You mention Aix-en-Provence, you mentally see this.
So, this is one of those posts where I serve you the leftovers from an OTUS 28 review session (just like my recent walk in the vines), leftovers that often taste far better than the frames I came for and which test for distortion, chroma and other aberrations to which this lens is almost ridiculously immune.

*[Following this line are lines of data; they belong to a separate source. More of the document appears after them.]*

lemma saeds_from_kraft_sum:
  fixes l :: "'s::finite \<Rightarrow> nat"
  assumes "\<forall>s. l s \<le> m" and "(\<Sum>s\<in>UNIV. 2 ^ (m - l s)) = (2::nat) ^ m"
  shows "\<exists>(X::nat set) E F. saeds X E F \<and> card X = 2 ^ m
    \<and> (\<forall>s. card (state_set X F s) = 2 ^ (m - l s))
    \<and> (\<forall>xh\<in>X. \<forall>s. length (E xh s) = l s)"
proof -
  define blocks :: "('s \<times> nat) set" where "blocks = (SIGMA s:UNIV. {..<2 ^ (m - l s)})"
  have "finite blocks" "card blocks = 2 ^ m"
    using assms(2) by (simp_all add: blocks_def)
  then obtain enc :: "'s \<times> nat \<Rightarrow> nat" where enc: "bij_betw enc blocks {..<2 ^ m}"
    using finite_same_card_bij[of blocks "{..<2 ^ m :: nat}"] by auto
  define X where "X = {..<(2::nat) ^ m}"
  define E where "E xh s = low_bits (l s) xh" for xh s
  define F where "F xh s = enc (s, xh div 2 ^ l s)" for xh s
  have split_states: "(2::nat) ^ m = 2 ^ (m - l s) * 2 ^ l s" for s
    using assms(1) by (simp flip: power_add)
  have in_blocks: "(s, xh div 2 ^ l s) \<in> blocks" if "xh \<in> X" for xh s
    using that split_states[of s] by (auto simp: X_def blocks_def less_mult_imp_div_less)
  have enc_inj: "inj_on enc blocks"
    using enc by (rule bij_betw_imp_inj_on)
  have F_eqD: "s = s' \<and> xh div 2 ^ l s = xh' div 2 ^ l s'"
    if "xh \<in> X" "xh' \<in> X" "F xh s = F xh' s'" for xh xh' s s'
    using inj_onD[OF enc_inj that(3)[unfolded F_def] in_blocks[OF that(1)] in_blocks[OF that(2)]]
    by auto
  have block_sub: "{s} \<times> {..<2 ^ (m - l s)} \<subseteq> blocks" for s
    by (auto simp: blocks_def)
  have state_set_eq: "state_set X F s = enc ` ({s} \<times> {..<2 ^ (m - l s)})" for s
  proof
    show "state_set X F s \<subseteq> enc ` ({s} \<times> {..<2 ^ (m - l s)})"
      unfolding state_set_def F_def using in_blocks by (auto simp: blocks_def)
  next
    have "enc (s, k) = F (k * 2 ^ l s) s" "k * 2 ^ l s \<in> X" if "k < 2 ^ (m - l s)" for k
      using that split_states[of s] by (auto simp: F_def X_def)
    then show "enc ` ({s} \<times> {..<2 ^ (m - l s)}) \<subseteq> state_set X F s"
      unfolding state_set_def by blast
  qed
  have "aeds X E F"
  proof (rule aedsI_equal_lengths)
    show "finite X" "X \<noteq> {}" by (simp_all add: X_def lessThan_empty_iff)
    show "F xh s \<in> X" if "xh \<in> X" for xh s
      using bij_betw_apply[OF enc in_blocks[OF that]] by (simp add: F_def X_def)
    show "length (E xh s) = length (E xh' s')"
      if "xh \<in> X" "xh' \<in> X" "F xh s = F xh' s'" for xh s xh' s'
      using F_eqD[OF that] by (simp add: E_def)
    show "xh = xh' \<and> s = s'"
      if "xh \<in> X" "xh' \<in> X" "F xh s = F xh' s'" "E xh s = E xh' s'" for xh s xh' s'
    proof -
      have "s' = s" "xh div 2 ^ l s = xh' div 2 ^ l s"
        using F_eqD[OF that(1-3)] by auto
      moreover from this(1) have "xh mod 2 ^ l s = xh' mod 2 ^ l s"
        using that(4) by (intro low_bits_eqD) (simp add: E_def)
      ultimately show ?thesis
        by (metis div_mult_mod_eq)
    qed
  qed
  moreover have "\<forall>s t. s \<noteq> t \<longrightarrow> state_set X F s \<inter> state_set X F t = {}"
    unfolding state_set_eq inj_on_image_Int[OF enc_inj block_sub block_sub, symmetric]
    by auto
  moreover have "(\<Union>s. state_set X F s) = X"
    unfolding state_set_eq image_UN[symmetric] using bij_betw_imp_surj_on[OF enc]
    by (simp add: X_def blocks_def Sigma_def)
  moreover have "\<forall>s. card (state_set X F s) = 2 ^ (m - l s)"
    unfolding state_set_eq using card_image[OF inj_on_subset[OF enc_inj block_sub]] by simp
  moreover have "card X = 2 ^ m" "\<forall>xh\<in>X. \<forall>s. length (E xh s) = l s"
    by (simp_all add: X_def E_def)
  ultimately show ?thesis
    unfolding saeds_def by blast
qed

lemma avg_len_uniform_lengths:
  assumes "\<forall>xh\<in>X. \<forall>s. length (E xh s) = l s" and "(\<Sum>xh\<in>X. Q xh) = 1"
  shows "avg_len p X E Q = (\<Sum>s\<in>UNIV. p s * real (l s))"
proof -
  have "avg_len p X E Q = (\<Sum>xh\<in>X. Q xh * (\<Sum>s\<in>UNIV. p s * real (l s)))"
    unfolding avg_len_def using assms(1)
    by (intro sum.cong) (auto simp: sum_distrib_left mult_ac)
  also have "\<dots> = (\<Sum>s\<in>UNIV. p s * real (l s))"
    using assms(2) by (simp flip: sum_distrib_right)
  finally show ?thesis .
qed

lemma avg_len_nonneg:
  assumes "stationary p X F Q" and "\<forall>s. 0 \<le> p s"
  shows "0 \<le> avg_len p X E Q"
  using assms unfolding stationary_def avg_len_def by (auto intro!: sum_nonneg)

text \<open>Censoring: the chain watched only outside \<open>x\<^sub>0\<close> is a Markov chain on one state
  less, and its stationary distribution extends back to \<open>x\<^sub>0\<close>.\<close>

lemma markov_chain_stationary_exists:
  fixes P :: "'x \<Rightarrow> 'x \<Rightarrow> real"
  assumes "finite X" and "X \<noteq> {}"
    and "\<And>i j. i \<in> X \<Longrightarrow> j \<in> X \<Longrightarrow> 0 \<le> P i j"
    and "\<And>i. i \<in> X \<Longrightarrow> (\<Sum>j\<in>X. P i j) = 1"
  shows "\<exists>\<pi>. (\<forall>i\<in>X. 0 \<le> \<pi> i) \<and> (\<Sum>i\<in>X. \<pi> i) = 1 \<and> (\<forall>j\<in>X. \<pi> j = (\<Sum>i\<in>X. \<pi> i * P i j))"
  using assms
proof (induction X arbitrary: P rule: finite_ne_induct)
  case (singleton x)
  then show ?case by (intro exI[of _ "\<lambda>_. 1"]) simp
next
  case (insert x0 X)
  let ?Y = "insert x0 X"
  have row_X: "(\<Sum>j\<in>X. P i j) = 1 - P i x0" if "i \<in> ?Y" for i
    using insert.prems(2)[OF that] insert.hyps(1,3) by simp
  have "0 \<le> (\<Sum>j\<in>X. P x0 j)"
    using insert.prems(1) by (intro sum_nonneg) simp
  then have "P x0 x0 \<le> 1"
    using row_X[of x0] by simp
  show ?case
  proof (cases "P x0 x0 = 1")
    case True
    then have "P x0 j = 0" if "j \<in> X" for j
      using row_X[of x0] insert.prems(1) insert.hyps(1) that
      by (simp add: sum_nonneg_eq_0_iff)
    moreover have "(\<Sum>i\<in>X. (if i = x0 then 1 else 0) * f i) = (0::real)" for f
      using insert.hyps(3) by (intro sum.neutral) auto
    ultimately show ?thesis
      using True insert.hyps(1,3)
      by (intro exI[of _ "\<lambda>i. if i = x0 then 1 else 0"]) auto
  next
    case False
    define r where "r = 1 - P x0 x0"
    have "r > 0" using \<open>P x0 x0 \<le> 1\<close> False by (simp add: r_def)
    define P' where "P' i j = P i j + P i x0 * P x0 j / r" for i j
    have "0 \<le> P' i j" if "i \<in> X" "j \<in> X" for i j
      using insert.prems(1) that \<open>r > 0\<close> by (simp add: P'_def)
    moreover have "(\<Sum>j\<in>X. P' i j) = 1" if "i \<in> X" for i
      using row_X[of i] row_X[of x0] that \<open>r > 0\<close>
      by (simp add: P'_def sum.distrib flip: sum_divide_distrib sum_distrib_left) (simp add: r_def)
    ultimately obtain \<pi>' where \<pi>'_nonneg: "\<forall>i\<in>X. 0 \<le> \<pi>' i"
      and \<pi>'_sum: "(\<Sum>i\<in>X. \<pi>' i) = 1" and \<pi>'_stat: "\<forall>j\<in>X. \<pi>' j = (\<Sum>i\<in>X. \<pi>' i * P' i j)"
      using insert.IH by blast
    define c where "c = (\<Sum>i\<in>X. \<pi>' i * P i x0) / r"
    have "0 \<le> c"
      unfolding c_def using \<pi>'_nonneg insert.prems(1) \<open>r > 0\<close>
      by (intro divide_nonneg_pos sum_nonneg mult_nonneg_nonneg) auto
    define \<sigma> where "\<sigma> i = (if i = x0 then c else \<pi>' i)" for i
    have \<sigma>_X: "(\<Sum>i\<in>X. \<sigma> i * f i) = (\<Sum>i\<in>X. \<pi>' i * f i)" for f
      using insert.hyps(3) by (intro sum.cong) (auto simp: \<sigma>_def)
    have \<sigma>_stat: "\<sigma> j = (\<Sum>i\<in>?Y. \<sigma> i * P i j)" if "j \<in> ?Y" for j
    proof -
      have "(\<Sum>i\<in>?Y. \<sigma> i * P i j) = c * P x0 j + (\<Sum>i\<in>X. \<pi>' i * P i j)"
        using insert.hyps(1,3) \<sigma>_X[of "\<lambda>i. P i j"] by (simp add: \<sigma>_def)
      also have "\<dots> = \<sigma> j"
      proof (cases "j = x0")
        case True
        then show ?thesis
          using \<open>r > 0\<close> by (simp add: \<sigma>_def c_def r_def field_simps)
      next
        case False
        then have "j \<in> X" using that by simp
        have "(\<Sum>i\<in>X. \<pi>' i * P' i j) = (\<Sum>i\<in>X. \<pi>' i * P i j + \<pi>' i * P i x0 / r * P x0 j)"
          by (simp add: P'_def distrib_left mult_ac)
        also have "\<dots> = (\<Sum>i\<in>X. \<pi>' i * P i j) + c * P x0 j"
          by (simp add: c_def sum.distrib sum_distrib_right sum_divide_distrib)
        finally have "(\<Sum>i\<in>X. \<pi>' i * P' i j) = (\<Sum>i\<in>X. \<pi>' i * P i j) + c * P x0 j" .
        then show ?thesis
          using \<pi>'_stat \<open>j \<in> X\<close> False by (simp add: \<sigma>_def)
      qed
      finally show ?thesis ..
    qed
    have \<sigma>_sum: "(\<Sum>i\<in>?Y. \<sigma> i) = 1 + c"
      using insert.hyps(1,3) \<sigma>_X[of "\<lambda>_. 1"] \<pi>'_sum by (simp add: \<sigma>_def)
    show ?thesis
    proof (intro exI[of _ "\<lambda>i. \<sigma> i / (1 + c)"] conjI ballI)
      show "0 \<le> \<sigma> i / (1 + c)" if "i \<in> ?Y" for i
        using that \<pi>'_nonneg \<open>0 \<le> c\<close> by (auto simp: \<sigma>_def)
      show "(\<Sum>i\<in>?Y. \<sigma> i / (1 + c)) = 1"
        using \<sigma>_sum \<open>0 \<le> c\<close> by (simp flip: sum_divide_distrib)
      show "\<sigma> j / (1 + c) = (\<Sum>i\<in>?Y. \<sigma> i / (1 + c) * P i j)" if "j \<in> ?Y" for j
        using \<sigma>_stat[OF that] by (simp add: sum_divide_distrib)
    qed
  qed
qed

lemma aeds_stationary_exists:
  fixes p :: "'s::finite \<Rightarrow> real"
  assumes "aeds X E F" and "\<forall>s. 0 \<le> p s" and "(\<Sum>s\<in>UNIV. p s) = 1"
  shows "\<exists>Q. stationary p X F Q"
proof -
  have X: "finite X" "X \<noteq> {}" "\<forall>xh\<in>X. \<forall>s. F xh s \<in> X"
    using assms(1) unfolding aeds_def by blast+
  define P where "P xh x = (\<Sum>s\<in>{s. F xh s = x}. p s)" for xh x
  have "0 \<le> P xh x" for xh x
    using assms(2) by (simp add: P_def sum_nonneg)
  moreover have "(\<Sum>x\<in>X. P xh x) = 1" if "xh \<in> X" for xh
    using sum.group[of UNIV X "F xh" p] X(1,3) assms(3) that by (auto simp: P_def)
  ultimately obtain Q where Q_nonneg: "\<forall>x\<in>X. 0 \<le> Q x" and Q_sum: "(\<Sum>x\<in>X. Q x) = 1"
    and Q_invariant: "\<forall>x\<in>X. Q x = (\<Sum>xh\<in>X. Q xh * P xh x)"
    using markov_chain_stationary_exists[of X P] X(1,2) by blast
  have "Q x = (\<Sum>xh\<in>X. \<Sum>s\<in>{s. F xh s = x}. p s * Q xh)" if "x \<in> X" for x
  proof -
    have "Q x = (\<Sum>xh\<in>X. Q xh * P xh x)"
      using Q_invariant that by blast
    also have "\<dots> = (\<Sum>xh\<in>X. \<Sum>s\<in>{s. F xh s = x}. p s * Q xh)"
      by (simp add: P_def sum_distrib_left mult.commute)
    finally show ?thesis .
  qed
  with Q_nonneg Q_sum have "stationary p X F Q"
    unfolding stationary_def by blast
  then show ?thesis
    by blast
qed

Maybe it’s because the formal review promises to be a little bland that I feel obliged to post this. Maybe it’s just so much more fun, I can’t get myself to do the job properly 😀 😀 😀
At any rate, the lens is with me for another 10 days, so the review isn’t far away and I’ll try to fit in as many of these side-dish posts as possible 😉
And, even though my photography could hardly qualify as architectural (do I hear sloppy in the back row ?), here’s a brief presentation of what architects could expect with that lens. Follow the guide 🙂
Interestingly, the lack of aberrations might just be a turn-off for me. With a lens such as the C-Sonnar, the idiosyncrasies create a special look (which you love or not) at wide apertures which are not apparent in this OTUS. And, used at f/11, many lenses will perform perfectly well (if not with the exact same look), making the extra weight and cost of the OTUS a little bit moot for all but the most demanding users.
But it’s hard to question the fact that the OTUS delivers superb architectural imagery with a blend of lovely colours, great transparency, great 3D and a distinct feeling of everything falling into place very naturally and elegantly. A lovely, lovely performer. So, what do you think? Should every architect have one in the bag ?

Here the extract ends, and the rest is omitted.